The Model Context Protocol (MCP) is revolutionising how AI coding assistants connect to external tools and data sources. This comprehensive guide covers MCP setup across six major platforms: OpenCode, Cursor, Claude Desktop, Windsurf, Continue, and Zed—giving you the knowledge to supercharge your AI-powered development workflow.

Model Context Protocol connecting AI applications to external tools and data sources

Connect your AI assistant to the tools it needs

Key Takeaways

  • MCP is an open standard by Anthropic that enables AI applications to connect with external data sources, tools, and workflows.
  • Think of MCP as a USB-C port for AI: a standardised way to connect AI applications to external systems.
  • Major AI coding platforms including OpenCode, Cursor, Claude Desktop, Windsurf, Continue, and Zed all support MCP.
  • MCP servers can be local (running on your machine) or remote (cloud-hosted), with support for various transport protocols.

What is the Model Context Protocol?

The Model Context Protocol (MCP) is an open-source standard developed by Anthropic for connecting AI applications to external systems. Using MCP, AI applications like Claude, ChatGPT, or any MCP-compatible coding assistant can connect to data sources (e.g., local files, databases), tools (e.g., search engines, APIs), and workflows (e.g., specialised prompts).

MCP architecture showing host application connecting to MCP servers via JSON-RPC, exposing tools, resources, and prompts
Model Context Protocol architecture: Host applications connect to MCP servers via JSON-RPC, accessing tools, resources, and prompts through a standardised interface

Think of MCP like a USB-C port for AI applications. Just as USB-C provides a standardised way to connect electronic devices, MCP provides a standardised way to connect AI applications to external systems.

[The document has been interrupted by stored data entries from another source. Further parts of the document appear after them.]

lemma cesaro_limit_invariant:
  assumes fin: "finite S" and bnd: "\<And>t x z. x \<in> S \<Longrightarrow> z \<in> S \<Longrightarrow> \<bar>mat_pow S P t x z\<bar> \<le> B"
    and r: "strict_mono r"
    and L: "\<And>x z. x \<in> S \<Longrightarrow> z \<in> S \<Longrightarrow> (\<lambda>n. cesaro_mean S P (r n) x z) \<longlonglongrightarrow> L x z"
    and xz: "x \<in> S" "z \<in> S"
  shows "mat_mult S L P x z = L x z" "mat_mult S P L x z = L x z"
proof -
  define err where "err T = (mat_pow S P T x z - mat_pow S P 0 x z) / real T" for T
  have "err \<longlonglongrightarrow> 0"
    unfolding err_def
  proof (rule LIMSEQ_bounded_div_real[where B = "2 * B"])
    show "\<bar>mat_pow S P T x z - mat_pow S P 0 x z\<bar> \<le> 2 * B" for T
      using bnd[OF xz, of T] bnd[OF xz, of 0] by arith
  qed
  then have "(\<lambda>n. cesaro_mean S P (r n) x z + err (r n)) \<longlonglongrightarrow> L x z + 0"
    using LIMSEQ_subseq_LIMSEQ[OF _ r] by (intro tendsto_add L xz) (auto simp: o_def)
  then have lim: "(\<lambda>n. cesaro_mean S P (r n) x z + err (r n)) \<longlonglongrightarrow> L x z"
    by simp
  have "(\<lambda>n. mat_mult S (cesaro_mean S P (r n)) P x z) \<longlonglongrightarrow> mat_mult S L P x z"
    using L xz by (intro tendsto_mat_mult fin) auto
  with lim show "mat_mult S L P x z = L x z"
    by (simp add: cesaro_mean_mult_right err_def LIMSEQ_unique)
  have "(\<lambda>n. mat_mult S P (cesaro_mean S P (r n)) x z) \<longlonglongrightarrow> mat_mult S P L x z"
    using L xz by (intro tendsto_mat_mult fin) auto
  with lim show "mat_mult S P L x z = L x z"
    by (simp add: cesaro_mean_mult_left[OF fin xz] err_def LIMSEQ_unique)
qed
lemma rayleigh_max_imp_eigenvector:
  fixes K :: "real^'n::finite^'n"
  assumes sym: "transpose K = K" and S: "subspace S" and inv: "\<forall>x\<in>S. K *v x \<in> S"
    and max: "\<And>w. w \<in> S \<Longrightarrow> w \<bullet> (K *v w) \<le> \<mu> * (w \<bullet> w)"
    and v: "v \<in> S" "v \<bullet> (K *v v) = \<mu> * (v \<bullet> v)"
  shows "K *v v = \<mu> *\<^sub>R v"
proof -
  define Q where "Q w = \<mu> * (w \<bullet> w) - w \<bullet> (K *v w)" for w
  define d where "d = K *v v - \<mu> *\<^sub>R v"
  have "d \<in> S" unfolding d_def using S inv v by (simp add: subspace_diff subspace_scale)
  \<comment> \<open>\<open>Q\<close> is nonnegative on \<open>S\<close> and vanishes at \<open>v\<close>, so \<open>t \<mapsto> Q (v + t d)\<close> has no linear term\<close>
  have "0 \<le> 2 * t * (- (d \<bullet> d)) + t\<^sup>2 * Q d" for t
  proof -
    have "v + t *\<^sub>R d \<in> S" using S v \<open>d \<in> S\<close> by (simp add: subspace_add subspace_scale)
    then have "0 \<le> Q (v + t *\<^sub>R d)" using max by (simp add: Q_def)
    also have "Q (v + t *\<^sub>R d) = Q v + 2 * t * (\<mu> * (v \<bullet> d) - d \<bullet> (K *v v)) + t\<^sup>2 * Q d"
      using symmetric_matrix_inner[OF sym, of v d]
      by (simp add: Q_def matrix_vector_right_distrib matrix_vector_mult_scaleR inner_add_left
          inner_add_right power2_eq_square inner_commute algebra_simps)
    also have "\<mu> * (v \<bullet> d) - d \<bullet> (K *v v) = - (d \<bullet> d)"
      unfolding d_def by (simp add: inner_diff_left inner_diff_right inner_commute algebra_simps)
    finally show ?thesis using v(2) by (simp add: Q_def)
  qed
  then have "d \<bullet> d = 0" by (metis quadratic_nonneg_imp_linear_coeff_zero neg_equal_0_iff_equal)
  then show ?thesis by (simp add: d_def)
qed
(* Let $(\Omega,\mathcal{F},P_0)$ be a complete probability space, $\epsilon\in(0,1)$, $\mathcal{C}\subseteq\mathcal{F}$ a sub-$\sigma$-algebra, and $\rho$ a sublinear operator on $L^{2+\epsilon}_{\mathcal{F}}(\Omega,P_0)$ with representation set $\mathcal{P}$, satisfying the standing assumptions below. If $\rho$ is stable, then for a given $\xi\in L^{4+2\epsilon}_{\mathcal{F}}(\Omega,P_0)$, $$\sup_{P\in\mathcal{P}}\inf_{\eta\in L^{2+\epsilon}_{\mathcal{C}}(P_0)}E_P[(\xi-\eta)^2]=\max_{P\in\mathcal{P}}\inf_{\eta\in L^{2+\epsilon}_{\mathcal{C}}(P_0)}E_P[(\xi-\eta)^2].$$
   Context: A sublinear operator is a map $\rho:L^{2+\epsilon}_{\mathcal{F}}(\Omega,P_0)\to\mathbb{R}$ that is monotone, constant preserving, sub-additive and positively homogeneous. Its representation set $\mathcal{P}$ is the family of all linear expectations (identified with probability measures $P$) dominated by $\rho$, so $\rho(\xi)=\max_{P\in\mathcal{P}}E_P[\xi]$. Write $f^P=dP/dP_0$, $\mathcal{D}=\{f^P:P\in\mathcal{P}\}$. Standing assumptions: every $P\in\mathcal{P}$ is equivalent to $P_0$; $\mathcal{D}$ is norm-bounded in $L^{1+\frac{2}{\epsilon}}_{\mathcal{F}}(P_0)$ and $\sigma(L^{1+\frac{2}{\epsilon}}(P_0),L^{1+\frac{\epsilon}{2}}(P_0))$-compact. $\rho$ is stable if for each $P\in\mathcal{P}$ the random variable $f^P/E_{P_0}[f^P\mid\mathcal{C}]$ lies in $\mathcal{D}$. $L^{2+\epsilon}_{\mathcal{C}}(P_0)$ denotes the $\mathcal{C}$-measurable elements of $L^{2+\epsilon}(P_0)$. *)

theory Defs
  imports "HOL-Probability.Probability"
begin
lemma not_islimpt_ratio_set:
  fixes a :: "nat \<Rightarrow> nat" and x :: real
  assumes mono: "strict_mono a" and pos: "0 < a 0"
    and ratio: "filterlim (\<lambda>k. real (a (Suc k)) / real (a k)) at_top sequentially"
    and "0 < x"
  shows "\<not> x islimpt ratio_set (range a)"
proof
  assume limpt: "x islimpt ratio_set (range a)"
  define c where "c = x + 1/x + 1"
  have "0 < 1/x"
    using \<open>0 < x\<close> by simp
  have "1 \<le> c"
    using \<open>0 < x\<close> \<open>0 < 1/x\<close> unfolding c_def by linarith
  have "x < c"
    using \<open>0 < 1/x\<close> unfolding c_def by linarith
  have "1/x < c"
    using \<open>0 < x\<close> unfolding c_def by linarith
  then have "1/c < x"
    using less_imp_inverse_less[OF \<open>1/x < c\<close> \<open>0 < 1/x\<close>] by (simp add: inverse_eq_divide)
  with \<open>x < c\<close> have x_window: "x \<in> {1/c<..<c}"
    by simp
  obtain K where K: "\<And>k. K \<le> k \<Longrightarrow> c \<le> real (a (Suc k)) / real (a k)"
    using ratio[unfolded filterlim_at_top, rule_format, of c]
    unfolding eventually_sequentially by blast
  have "0 < a k" for k
    using pos mono by (metis le0 less_le_trans strict_mono_less_eq)
  then have growth: "c * a k \<le> a (Suc k)" if "K \<le> k" for k
    using K[OF that] by (simp add: field_simps)
  have "finite (ratio_set (range a) \<inter> {1/c<..<c})"
    using growth by (rule finite_ratio_set_window[OF mono pos \<open>1 \<le> c\<close>])
  moreover have "infinite ({1/c<..<c} \<inter> ratio_set (range a))"
    using limpt x_window open_greaterThanLessThan unfolding islimpt_eq_acc_point by blast
  ultimately show False
    by (simp add: Int_commute)
qed

lemma R_dense_imp_positive_limpt:
  assumes "R_dense A"
  shows "\<exists>x>0. x islimpt ratio_set A"
proof (rule ccontr)
  assume "\<not> (\<exists>x>0. x islimpt ratio_set A)"
  with assms have "{0<..<1} \<subseteq> ratio_set A"
    unfolding R_dense_def closure_def by auto
  also have "ratio_set A \<subseteq> \<rat>"
    unfolding ratio_set_def by (auto intro: Rats_divide)
  finally have "countable {0<..<1::real}"
    using countable_rat countable_subset by blast
  then show False
    using uncountable_open_interval[of 0 "1::real"] by simp
qed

Before MCP, each AI tool had its own proprietary way of connecting to external services. This meant developers had to learn different integration patterns for each platform, and tool creators had to build separate integrations for every AI assistant. MCP solves this by providing a universal protocol that works across all compatible platforms.

How MCP Works

MCP operates on a client-server architecture:

  • MCP Clients: AI applications (like OpenCode, Cursor, or Claude Desktop) that consume capabilities from MCP servers.
  • MCP Servers: Programs that expose specific capabilities (tools, resources, prompts) through the MCP protocol.
  • Transport Layer: The communication method between clients and servers (stdio for local, HTTP/SSE for remote).

Why MCP Matters for Developers

MCP unlocks transformative capabilities for AI-assisted development:

Real-Time Data Access

AI agents can access your Google Calendar, Notion, databases, and other live data sources to provide contextually relevant assistance.

Tool Integration

Connect AI to search engines, browsers, 3D design tools, deployment platforms, and virtually any service with an API.

Reduced Development Time

Build integrations once using the MCP standard, and they work across all compatible AI platforms automatically.

Enhanced AI Capabilities

Transform AI from a knowledge-limited assistant to a powerful agent that can take actions and access current information.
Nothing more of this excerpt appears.